lemma moment_fun_radial_step:
  assumes "r + (2 * j + 2) = p" and radial: "\<And>y. moment_fun r (2 * j + 2) y = B * norm y ^ (2 * j + 2)"
  shows "moment_fun (r + 2) (2 * j) y = B * (real DIM('a) + 2 * j) / (2 * j + 1) * norm y ^ (2 * j)"
proof -
  define s where "s = (norm y)\<^sup>2"
  have laplace: "moment_fun (r + 2) (2 * j) y = (\<Sum>b\<in>Basis. mixed_moment r 2 (2 * j) b y)"
  proof -
    have "norm x ^ (r + 2) * (x \<bullet> y) ^ (2 * j)
        = (\<Sum>b\<in>Basis. norm x ^ r * ((x \<bullet> b)\<^sup>2 * (x \<bullet> y) ^ (2 * j)))" for x :: 'a
      by (simp only: sum_distrib_left[symmetric] sum_distrib_right[symmetric] sum_Basis_inner_square)
        (simp add: power_add power2_eq_square algebra_simps)
    then show ?thesis
      using assms(1) integrable_mixed_moment_integrand[of r 2 "2 * j"]
      by (simp add: moment_fun_def mixed_moment_def Bochner_Integration.integral_sum)
  qed
  have "(j + 1) * (2 * j + 1) * moment_fun (r + 2) (2 * j) y
      = (\<Sum>b\<in>Basis. real ((2 * j + 2) choose 2) * mixed_moment r 2 (2 * j) b y)"
  proof -
    have "real ((2 * j + 2) choose 2) = (j + 1) * (2 * j + 1)"
      by (simp add: choose_two algebra_simps)
    then show ?thesis
      unfolding laplace sum_distrib_left[symmetric] by simp
  qed
  also have "\<dots> = (\<Sum>b\<in>Basis. B * ((j + 1) * s ^ j) + B * (2 * (j + 1) * j * s ^ (j - 1)) * (y \<bullet> b)\<^sup>2)"
    using mixed_moment_two_if_radial[OF assms(1) radial]
    by (intro sum.cong refl) (simp add: s_def algebra_simps)
  also have "\<dots> = real DIM('a) * (B * ((j + 1) * s ^ j)) + B * (2 * (j + 1) * j * s ^ (j - 1)) * s"
    by (simp add: sum.distrib sum_distrib_left[symmetric] sum_Basis_inner_square s_def)
  also have "\<dots> = (j + 1) * (B * (real DIM('a) + 2 * j) * s ^ j)"
    by (cases j) (simp_all add: algebra_simps)
  finally have "(real j + 1) * ((2 * j + 1) * moment_fun (r + 2) (2 * j) y)
      = (real j + 1) * (B * (real DIM('a) + 2 * j) * s ^ j)"
    by (simp add: algebra_simps)
  then have "(2 * j + 1) * moment_fun (r + 2) (2 * j) y = B * (real DIM('a) + 2 * j) * s ^ j"
    by (subst (asm) mult_left_cancel) auto
  also have "s ^ j = norm y ^ (2 * j)"
    by (simp add: s_def power_mult)
  finally show ?thesis
    by (simp add: field_simps)
qed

### Task instructions:
Tell how many lines of the records above contain "also", replying with the number only.

### Result of the exercise:
4